*** Data ***

lemma card_index_set_eq_count_in: "card {i. i < length xs \<and> xs ! i \<in> C} = count_in C xs"
  unfolding count_in_def by (simp add: length_filter_conv_card)

lemma count_in_braid_equiv:
  assumes "C \<in> rack_components op" and "braid_equiv op xs ys"
  shows "count_in C xs = count_in C ys"
proof (rule braid_equiv_invariant[OF _ assms(2)])
  fix us vs assume "braid_step op us vs"
  then obtain u v a b where "us = u @ [a, b] @ v" "vs = u @ [b, op a b] @ v"
    unfolding braid_step_def by blast
  then show "count_in C us = count_in C vs"
    by (simp add: op_mem_rack_component_iff[OF assms(1)])
qed

lemma exists_mem_count_list_ge:
  fixes C :: "'a::finite set"
  assumes "0 < n" and "n * card (UNIV :: 'a set) \<le> count_in C v"
  shows "\<exists>y\<in>C. n \<le> count_list v y"
proof (rule ccontr)
  assume "\<not> ?thesis"
  then have small: "count_list v y \<le> n - 1" if "y \<in> C" for y
    using that by fastforce
  have "count_in C v = (\<Sum>y\<in>C. count_list (filter (\<lambda>a. a \<in> C) v) y)"
    unfolding count_in_def by (rule sum_count_set[symmetric]) auto
  also have "\<dots> \<le> (\<Sum>y\<in>C. n - 1)"
  proof (rule sum_mono)
    fix y assume "y \<in> C"
    have "count_list (filter (\<lambda>a. a \<in> C) v) y \<le> count_list v y"
      by (induction v) auto
    with small[OF \<open>y \<in> C\<close>] show "count_list (filter (\<lambda>a. a \<in> C) v) y \<le> n - 1"
      by linarith
  qed
  also have "\<dots> \<le> card (UNIV :: 'a set) * (n - 1)"
    by (simp add: card_mono mult_right_mono)
  also have "\<dots> < n * card (UNIV :: 'a set)"
    using assms(1) finite_UNIV_card_ge_0[where 'a = 'a] by (simp add: algebra_simps)
  finally show False
    using assms(2) by linarith
qed

lemma length_eq_sum_count_in:
  fixes op :: "'a::finite \<Rightarrow> 'a \<Rightarrow> 'a"
  shows "length xs = (\<Sum>C\<in>rack_components op. count_in C xs)"
proof (induction xs)
  case (Cons x xs)
  let ?K = "comp_rel op `` {x}"
  have "x \<in> C \<longleftrightarrow> C = ?K" if "C \<in> rack_components op" for C
    using mem_rack_component_iff[OF rack_component_of(1) that rack_component_of(2)] .
  then have "(\<Sum>C\<in>rack_components op. count_in C (x # xs))
      = (\<Sum>C\<in>rack_components op. count_in C xs + (if C = ?K then 1 else 0))"
    by (intro sum.cong) auto
  also have "\<dots> = (\<Sum>C\<in>rack_components op. count_in C xs) + 1"
    using rack_component_of(1) finite_rack_components by (simp add: sum.distrib)
  finally show ?case
    using Cons by simp
qed simp

definition rack_closed :: "('a \<Rightarrow> 'a \<Rightarrow> 'a) \<Rightarrow> 'a set \<Rightarrow> bool" where
  "rack_closed op Y \<longleftrightarrow> (\<forall>a\<in>Y. \<forall>b\<in>Y. op a b \<in> Y)"

lemma generates_iff: "generates op xs \<longleftrightarrow> (\<forall>Y. rack_closed op Y \<longrightarrow> set xs \<subseteq> Y \<longrightarrow> Y = UNIV)"
  unfolding generates_def rack_closed_def by blast

lemma generates_mono: "generates op xs \<Longrightarrow> set xs \<subseteq> set ys \<Longrightarrow> generates op ys"
  unfolding generates_def by blast

lemma sg_mult_mem_SX_star:
  assumes "w \<in> structure_semigroup op" and "z \<in> SX_star op N"
  shows "sg_mult op w z \<in> SX_star op N"
proof -
  obtain u where u: "w = braid_class op u"
    using assms(1) unfolding structure_semigroup_def by blast
  obtain v where v: "z = braid_class op v" "v \<noteq> []" "generates op v"
      "\<forall>C\<in>rack_components op. N \<le> count_in C v"
    using assms(2) unfolding SX_star_def card_index_set_eq_count_in by blast
  have "generates op (u @ v)"
    using v(3) by (rule generates_mono) auto
  moreover have "\<forall>C\<in>rack_components op. N \<le> count_in C (u @ v)"
    using v(4) by (simp add: trans_le_add2)
  ultimately show ?thesis
    unfolding SX_star_def card_index_set_eq_count_in u v(1) sg_mult_braid_class
    using v(2) by blast
qed

section \<open>Racks with a permutation exponent\<close>

lemma bij_funpow_eq_id:
  fixes f :: "'a::finite \<Rightarrow> 'a"
  assumes "bij f"
  shows "\<exists>k>0. f ^^ k = id"
proof -
  have "\<not> inj (\<lambda>i::nat. f ^^ i)"
    using finite_imageD[of "\<lambda>i::nat. f ^^ i" UNIV] by auto
  then obtain i j where "i \<noteq> j" "f ^^ i = f ^^ j"
    unfolding inj_def by blast
  then obtain m n where mn: "m < n" "f ^^ m = f ^^ n"
    by (metis linorder_neqE_nat)
  have "(f ^^ m) ((f ^^ (n - m)) x) = (f ^^ m) x" for x
    using mn funpow_add[of m "n - m" f] by (simp add: fun_eq_iff)
  moreover have "inj (f ^^ m)"
    using assms bij_is_inj inj_fn by blast
  ultimately have "f ^^ (n - m) = id"
    by (simp add: fun_eq_iff inj_eq)
  with mn(1) show ?thesis
    by (intro exI[of _ "n - m"]) simp
qed

lemma exists_bij_exponent: "\<exists>E>0. \<forall>f::'a::finite \<Rightarrow> 'a. bij f \<longrightarrow> f ^^ E = id"
proof -
  obtain k where k: "\<And>f::'a \<Rightarrow> 'a. bij f \<Longrightarrow> 0 < k f \<and> f ^^ k f = id"
    using bij_funpow_eq_id by metis
  define E where "E = (\<Prod>f\<in>{f::'a \<Rightarrow> 'a. bij f}. k f)"
  have "f ^^ E = id" if "bij f" for f :: "'a \<Rightarrow> 'a"
  proof -
    have "k f dvd E"
      unfolding E_def using that by (intro dvd_prodI) simp_all
    then obtain q where "E = k f * q" ..
    then show ?thesis
      using k[OF that] by (simp add: funpow_mult[symmetric])
  qed
  moreover have "0 < E"
    unfolding E_def using k by (simp add: prod_pos)
  ultimately show ?thesis by blast
qed

definition translation_closure :: "('a \<Rightarrow> 'a \<Rightarrow> 'a) \<Rightarrow> 'a set \<Rightarrow> ('a \<times> 'a) set" where
  "translation_closure op S = {(z, op z s) | z s. s \<in> S}\<^sup>*"

lemma translation_closure_step:
  "(a, b) \<in> translation_closure op S \<Longrightarrow> s \<in> S \<Longrightarrow> (a, op b s) \<in> translation_closure op S"
  unfolding translation_closure_def by (rule rtrancl_into_rtrancl) auto

lemma translation_closure_trans:
  "(a, b) \<in> translation_closure op S \<Longrightarrow> (b, c) \<in> translation_closure op S \<Longrightarrow>
    (a, c) \<in> translation_closure op S"
  unfolding translation_closure_def by (rule rtrancl_trans)

lemma translation_closure_funpow:
  "s \<in> S \<Longrightarrow> (z, ((\<lambda>x. op x s) ^^ n) z) \<in> translation_closure op S"
  by (induction n)
     (auto simp: translation_closure_def intro: translation_closure_step[unfolded translation_closure_def])

locale finite_rack =
  fixes op :: "'a::finite \<Rightarrow> 'a \<Rightarrow> 'a" and E :: nat
  assumes is_rack: "is_rack op"
    and exponent_pos: "0 < E"
    and funpow_exponent: "bij (f :: 'a \<Rightarrow> 'a) \<Longrightarrow> f ^^ E = id"
begin

lemma self_distrib: "op (op z x) y = op (op z y) (op x y)"
  using is_rack unfolding is_rack_def by blast

lemma bij_right_translation: "bij (\<lambda>x. op x y)"
  using is_rack unfolding is_rack_def by blast

lemma funpow_exponent_pred_inverse:
  fixes f :: "'a \<Rightarrow> 'a"
  assumes "bij f"
  shows "f ((f ^^ (E - 1)) z) = z" and "(f ^^ (E - 1)) (f z) = z"
proof -
  have "f ^^ Suc (E - 1) = id"
    using exponent_pos funpow_exponent[OF assms] by simp
  then show "f ((f ^^ (E - 1)) z) = z" "(f ^^ (E - 1)) (f z) = z"
    by (metis comp_apply funpow.simps(2) id_apply, metis comp_apply funpow_Suc_right id_apply)
qed

lemma rack_closed_op_mem_iff:
  assumes "rack_closed op Y" and "b \<in> Y"
  shows "op a b \<in> Y \<longleftrightarrow> a \<in> Y"
proof
  assume "op a b \<in> Y"
  then have "((\<lambda>x. op x b) ^^ n) (op a b) \<in> Y" for n
    using assms unfolding rack_closed_def by (induction n) auto
  then show "a \<in> Y"
    using funpow_exponent_pred_inverse(2)[OF bij_right_translation] by metis
qed (use assms in \<open>auto simp: rack_closed_def\<close>)

lemma generates_braid_equiv:
  "braid_equiv op xs ys \<Longrightarrow> generates op xs = generates op ys"
proof (erule braid_equiv_invariant[rotated])
  fix us vs assume "braid_step op us vs"
  then obtain u v a b where "us = u @ [a, b] @ v" "vs = u @ [b, op a b] @ v"
    unfolding braid_step_def by blast
  then have "set us \<subseteq> Y \<longleftrightarrow> set vs \<subseteq> Y" if "rack_closed op Y" for Y
    using rack_closed_op_mem_iff[OF that] by auto
  then show "generates op us = generates op vs"
    unfolding generates_iff by blast
qed

text \<open>
  By self-distributivity, translation by \<open>op b t\<close> is translation by \<open>b\<close> conjugated by
  translation by \<open>t\<close>, whose inverse is a power of itself.
\<close>

lemma translation_closure_right_translation:
  assumes "(s, b) \<in> translation_closure op S" and "s \<in> S"
  shows "(z, op z b) \<in> translation_closure op S"
  using assms(1) unfolding translation_closure_def
proof (induction arbitrary: z rule: rtrancl_induct)
  case base
  show ?case using assms(2) by blast
next
  case (step b b')
  then obtain t where t: "b' = op b t" "t \<in> S" by blast
  define z0 where "z0 = ((\<lambda>x. op x t) ^^ (E - 1)) z"
  have "(z, z0) \<in> translation_closure op S"
    unfolding z0_def by (rule translation_closure_funpow[OF t(2)])
  then have "(z, op z0 b) \<in> translation_closure op S"
    using step.IH[of z0, folded translation_closure_def] by (rule translation_closure_trans)
  then have "(z, op (op z0 b) t) \<in> translation_closure op S"
    using t(2) by (rule translation_closure_step)
  moreover have "op (op z0 b) t = op (op z0 t) (op b t)"
    by (rule self_distrib)
  moreover have "op z0 t = z"
    unfolding z0_def by (rule funpow_exponent_pred_inverse(1)[OF bij_right_translation])
  ultimately show ?case
    unfolding translation_closure_def t(1) by simp
qed

lemma translation_closure_of_generates:
  assumes "generates op w"
  shows "(z, op z b) \<in> translation_closure op (set w)"
proof -
  let ?T = "translation_closure op (set w)"
  define Y where "Y = {b. \<exists>s\<in>set w. (s, b) \<in> ?T}"
  have "rack_closed op Y"
    unfolding rack_closed_def
  proof (intro ballI)
    fix a b assume "a \<in> Y" "b \<in> Y"
    then obtain s1 s2 where s1: "(s1, a) \<in> ?T" "s1 \<in> set w" and s2: "(s2, b) \<in> ?T" "s2 \<in> set w"
      unfolding Y_def by blast
    from s2 have "(a, op a b) \<in> ?T"
      by (rule translation_closure_right_translation)
    with s1(1) have "(s1, op a b) \<in> ?T"
      by (rule translation_closure_trans)
    with s1(2) show "op a b \<in> Y"
      unfolding Y_def by blast
  qed
  moreover have "set w \<subseteq> Y"
    unfolding Y_def translation_closure_def by blast
  ultimately have "b \<in> Y"
    using assms unfolding generates_iff by blast
  then obtain s where "(s, b) \<in> ?T" "s \<in> set w"
    unfolding Y_def by blast
  then show ?thesis
    by (rule translation_closure_right_translation)
qed

lemma comp_rel_subset_translation_closure:
  assumes "generates op w"
  shows "comp_rel op \<subseteq> translation_closure op (set w)"
proof -
  let ?T = "translation_closure op (set w)"
  note fwd = translation_closure_of_generates[OF assms]
  have pow: "(z, ((\<lambda>x. op x b) ^^ n) z) \<in> ?T" for z b n
  proof (induction n)
    case 0
    show ?case unfolding translation_closure_def by simp
  next
    case (Suc n)
    then show ?case
      using translation_closure_trans[OF Suc fwd] by simp
  qed
  have bwd: "(op z b, z) \<in> ?T" for z b
    using pow[where z = "op z b" and b = b and n = "E - 1"]
    unfolding funpow_exponent_pred_inverse(2)[OF bij_right_translation] .
  have "{(x, op x y) | x y. True} \<union> {(x, op x y) | x y. True}\<inverse> \<subseteq> ?T"
    using fwd bwd by blast
  then have "({(x, op x y) | x y. True} \<union> {(x, op x y) | x y. True}\<inverse>)\<^sup>* \<subseteq> ?T\<^sup>*"
    by (rule rtrancl_mono)
  then show ?thesis
    unfolding comp_rel_def Let_def translation_closure_def by simp
qed

lemma foldl_replicate: "foldl op a (replicate n z) = ((\<lambda>x. op x z) ^^ n) a"
  by (induction n arbitrary: a) (simp_all add: funpow_Suc_right del: funpow.simps)

lemma bij_foldl: "bij (\<lambda>a. foldl op a p)"
proof (induction p)
  case (Cons c p)
  have "(\<lambda>a. foldl op a (c # p)) = (\<lambda>a. foldl op a p) \<circ> (\<lambda>x. op x c)"
    by auto
  with Cons show ?case
    using bij_right_translation bij_comp by metis
qed (simp add: id_def[symmetric])

lemma braid_equiv_replicate_exponent_commute:
  "braid_equiv op (q @ replicate E z) (replicate E z @ q)"
  using braid_equiv_append_commute[of op q "replicate E z"]
  by (simp add: foldl_replicate funpow_exponent[OF bij_right_translation])

lemma braid_equiv_replicate_exponent_prefix:
  "braid_equiv op (replicate E z @ p) (replicate E (foldl op z p) @ p)"
  using braid_equiv_append_commute[of op "replicate E z" p]
    braid_equiv_replicate_exponent_commute[of p "foldl op z p"]
  by (simp add: braid_equiv_trans)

***

Problem statement |
Could you repeat exactly the lines above from the line with "b) \<in> translation_closure op (set" up to and including the line with "proof (intro ballI)", and only those?

Exercise answer |
  shows "(z, op z b) \<in> translation_closure op (set w)"
proof -
  let ?T = "translation_closure op (set w)"
  define Y where "Y = {b. \<exists>s\<in>set w. (s, b) \<in> ?T}"
  have "rack_closed op Y"
    unfolding rack_closed_def
  proof (intro ballI)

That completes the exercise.